▸ **Task details**
Please tally the lines of the records that contain "lemma" and send back only the total.

Dataset entries:
-------------------------

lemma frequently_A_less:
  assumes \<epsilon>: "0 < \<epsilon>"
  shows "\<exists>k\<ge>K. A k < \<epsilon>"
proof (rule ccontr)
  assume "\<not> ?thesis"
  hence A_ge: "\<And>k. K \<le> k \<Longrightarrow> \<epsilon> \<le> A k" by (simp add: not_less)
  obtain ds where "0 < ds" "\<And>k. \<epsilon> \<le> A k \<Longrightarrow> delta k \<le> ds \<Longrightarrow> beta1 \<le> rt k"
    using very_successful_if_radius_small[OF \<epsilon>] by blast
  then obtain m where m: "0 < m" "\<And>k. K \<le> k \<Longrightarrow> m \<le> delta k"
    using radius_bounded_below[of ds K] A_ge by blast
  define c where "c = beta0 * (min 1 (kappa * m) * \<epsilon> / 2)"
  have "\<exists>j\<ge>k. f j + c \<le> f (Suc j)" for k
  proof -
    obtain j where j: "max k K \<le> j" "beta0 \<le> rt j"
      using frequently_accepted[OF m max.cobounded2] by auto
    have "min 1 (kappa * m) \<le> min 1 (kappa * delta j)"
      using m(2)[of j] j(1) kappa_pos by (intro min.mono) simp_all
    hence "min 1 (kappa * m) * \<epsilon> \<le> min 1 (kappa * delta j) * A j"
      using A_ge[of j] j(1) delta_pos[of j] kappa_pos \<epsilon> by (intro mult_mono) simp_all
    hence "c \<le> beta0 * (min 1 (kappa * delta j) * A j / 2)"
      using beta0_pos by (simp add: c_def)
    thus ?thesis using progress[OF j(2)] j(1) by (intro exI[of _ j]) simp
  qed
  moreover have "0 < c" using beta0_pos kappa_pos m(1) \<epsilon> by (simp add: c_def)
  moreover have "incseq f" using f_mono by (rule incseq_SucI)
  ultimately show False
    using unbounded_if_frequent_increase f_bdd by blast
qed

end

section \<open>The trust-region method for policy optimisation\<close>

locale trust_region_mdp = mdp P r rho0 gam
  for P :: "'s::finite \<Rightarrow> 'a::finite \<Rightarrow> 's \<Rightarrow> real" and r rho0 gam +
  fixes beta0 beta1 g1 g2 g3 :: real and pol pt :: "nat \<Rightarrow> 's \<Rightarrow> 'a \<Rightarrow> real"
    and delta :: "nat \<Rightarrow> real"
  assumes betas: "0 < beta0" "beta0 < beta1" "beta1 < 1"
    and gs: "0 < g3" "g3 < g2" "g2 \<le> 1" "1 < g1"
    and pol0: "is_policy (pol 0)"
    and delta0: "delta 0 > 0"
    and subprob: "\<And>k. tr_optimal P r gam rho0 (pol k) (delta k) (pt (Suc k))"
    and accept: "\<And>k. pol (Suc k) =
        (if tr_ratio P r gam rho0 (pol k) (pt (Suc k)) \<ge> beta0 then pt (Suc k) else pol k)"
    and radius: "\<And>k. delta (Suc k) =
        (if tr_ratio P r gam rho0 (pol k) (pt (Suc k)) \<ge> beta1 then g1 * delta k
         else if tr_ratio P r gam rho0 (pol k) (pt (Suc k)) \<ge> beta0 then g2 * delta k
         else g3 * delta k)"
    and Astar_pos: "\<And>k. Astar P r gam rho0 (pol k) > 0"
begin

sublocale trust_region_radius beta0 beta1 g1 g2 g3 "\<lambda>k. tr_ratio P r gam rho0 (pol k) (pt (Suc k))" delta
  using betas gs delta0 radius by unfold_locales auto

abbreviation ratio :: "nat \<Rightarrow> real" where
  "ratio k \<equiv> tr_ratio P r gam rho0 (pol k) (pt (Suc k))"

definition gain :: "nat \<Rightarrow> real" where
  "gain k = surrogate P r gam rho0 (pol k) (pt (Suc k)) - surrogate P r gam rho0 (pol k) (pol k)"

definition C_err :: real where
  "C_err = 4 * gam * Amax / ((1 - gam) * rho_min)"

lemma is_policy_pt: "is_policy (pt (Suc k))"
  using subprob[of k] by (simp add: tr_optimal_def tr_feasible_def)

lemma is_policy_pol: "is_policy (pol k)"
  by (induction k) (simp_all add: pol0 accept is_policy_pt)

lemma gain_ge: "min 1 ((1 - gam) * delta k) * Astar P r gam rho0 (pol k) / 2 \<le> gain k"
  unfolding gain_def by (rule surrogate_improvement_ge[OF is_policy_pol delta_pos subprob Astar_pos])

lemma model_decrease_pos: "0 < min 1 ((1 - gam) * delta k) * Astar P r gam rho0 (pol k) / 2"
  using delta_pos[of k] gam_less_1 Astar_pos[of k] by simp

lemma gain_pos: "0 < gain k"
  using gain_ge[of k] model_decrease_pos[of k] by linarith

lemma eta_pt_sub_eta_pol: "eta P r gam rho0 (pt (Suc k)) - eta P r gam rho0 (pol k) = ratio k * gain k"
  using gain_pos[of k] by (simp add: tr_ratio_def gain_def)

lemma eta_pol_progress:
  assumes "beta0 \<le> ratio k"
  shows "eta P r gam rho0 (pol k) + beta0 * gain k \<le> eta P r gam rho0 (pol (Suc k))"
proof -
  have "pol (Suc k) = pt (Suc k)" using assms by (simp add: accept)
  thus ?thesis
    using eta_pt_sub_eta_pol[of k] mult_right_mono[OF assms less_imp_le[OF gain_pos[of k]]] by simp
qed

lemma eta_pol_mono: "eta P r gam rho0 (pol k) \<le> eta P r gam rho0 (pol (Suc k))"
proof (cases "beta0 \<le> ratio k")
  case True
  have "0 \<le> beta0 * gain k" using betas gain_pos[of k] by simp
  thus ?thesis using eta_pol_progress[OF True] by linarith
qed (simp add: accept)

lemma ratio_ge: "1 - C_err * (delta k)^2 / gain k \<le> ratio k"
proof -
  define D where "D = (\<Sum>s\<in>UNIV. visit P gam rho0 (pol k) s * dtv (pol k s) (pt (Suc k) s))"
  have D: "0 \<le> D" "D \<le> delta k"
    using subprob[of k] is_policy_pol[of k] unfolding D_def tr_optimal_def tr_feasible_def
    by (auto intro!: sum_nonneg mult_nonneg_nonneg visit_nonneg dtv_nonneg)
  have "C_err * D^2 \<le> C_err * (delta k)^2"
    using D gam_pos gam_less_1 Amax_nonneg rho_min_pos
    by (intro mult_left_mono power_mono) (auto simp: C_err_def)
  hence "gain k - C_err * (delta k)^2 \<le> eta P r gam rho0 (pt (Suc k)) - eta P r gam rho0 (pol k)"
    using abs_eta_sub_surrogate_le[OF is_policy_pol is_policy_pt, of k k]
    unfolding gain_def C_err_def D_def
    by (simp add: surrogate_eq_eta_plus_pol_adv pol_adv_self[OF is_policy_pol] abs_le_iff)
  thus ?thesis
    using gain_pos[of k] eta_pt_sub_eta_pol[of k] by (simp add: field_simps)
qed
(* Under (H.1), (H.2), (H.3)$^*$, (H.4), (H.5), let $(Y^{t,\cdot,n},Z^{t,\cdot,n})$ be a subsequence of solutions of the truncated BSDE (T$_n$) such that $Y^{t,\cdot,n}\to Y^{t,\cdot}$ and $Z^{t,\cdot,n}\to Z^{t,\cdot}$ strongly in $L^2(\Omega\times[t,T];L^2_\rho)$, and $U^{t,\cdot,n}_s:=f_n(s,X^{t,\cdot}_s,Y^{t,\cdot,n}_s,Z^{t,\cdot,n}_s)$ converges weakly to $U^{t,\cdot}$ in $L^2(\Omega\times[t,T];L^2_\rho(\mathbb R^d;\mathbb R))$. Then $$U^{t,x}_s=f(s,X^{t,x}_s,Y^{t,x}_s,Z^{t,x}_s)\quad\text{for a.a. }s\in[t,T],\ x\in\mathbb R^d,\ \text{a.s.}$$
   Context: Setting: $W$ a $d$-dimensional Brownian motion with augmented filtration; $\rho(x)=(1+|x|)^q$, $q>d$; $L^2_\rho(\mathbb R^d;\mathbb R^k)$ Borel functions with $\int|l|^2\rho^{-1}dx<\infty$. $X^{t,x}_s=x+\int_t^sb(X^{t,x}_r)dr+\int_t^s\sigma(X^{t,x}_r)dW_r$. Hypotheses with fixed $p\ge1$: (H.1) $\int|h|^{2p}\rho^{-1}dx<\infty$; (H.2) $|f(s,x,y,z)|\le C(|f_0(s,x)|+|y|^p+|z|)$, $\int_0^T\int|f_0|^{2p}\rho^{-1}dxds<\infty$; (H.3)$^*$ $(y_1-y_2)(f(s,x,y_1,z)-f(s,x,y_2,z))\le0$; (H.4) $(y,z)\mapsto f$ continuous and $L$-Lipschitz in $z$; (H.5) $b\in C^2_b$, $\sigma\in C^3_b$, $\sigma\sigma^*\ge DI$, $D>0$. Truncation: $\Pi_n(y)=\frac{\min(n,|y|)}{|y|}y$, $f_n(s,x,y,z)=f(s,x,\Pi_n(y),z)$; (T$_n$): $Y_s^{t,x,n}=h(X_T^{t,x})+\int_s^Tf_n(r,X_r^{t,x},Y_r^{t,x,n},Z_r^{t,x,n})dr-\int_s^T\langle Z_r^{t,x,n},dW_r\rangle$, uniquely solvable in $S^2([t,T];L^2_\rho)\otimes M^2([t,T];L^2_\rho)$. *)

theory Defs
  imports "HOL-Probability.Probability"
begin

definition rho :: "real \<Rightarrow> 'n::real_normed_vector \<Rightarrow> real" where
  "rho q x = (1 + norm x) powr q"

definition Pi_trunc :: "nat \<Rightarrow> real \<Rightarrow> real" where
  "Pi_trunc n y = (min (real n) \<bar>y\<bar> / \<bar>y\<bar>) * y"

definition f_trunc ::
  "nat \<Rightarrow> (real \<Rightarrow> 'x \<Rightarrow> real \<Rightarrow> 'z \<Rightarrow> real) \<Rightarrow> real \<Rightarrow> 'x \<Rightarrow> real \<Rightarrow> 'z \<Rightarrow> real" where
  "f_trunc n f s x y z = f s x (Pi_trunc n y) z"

-------------------------

▸ **Result below**
10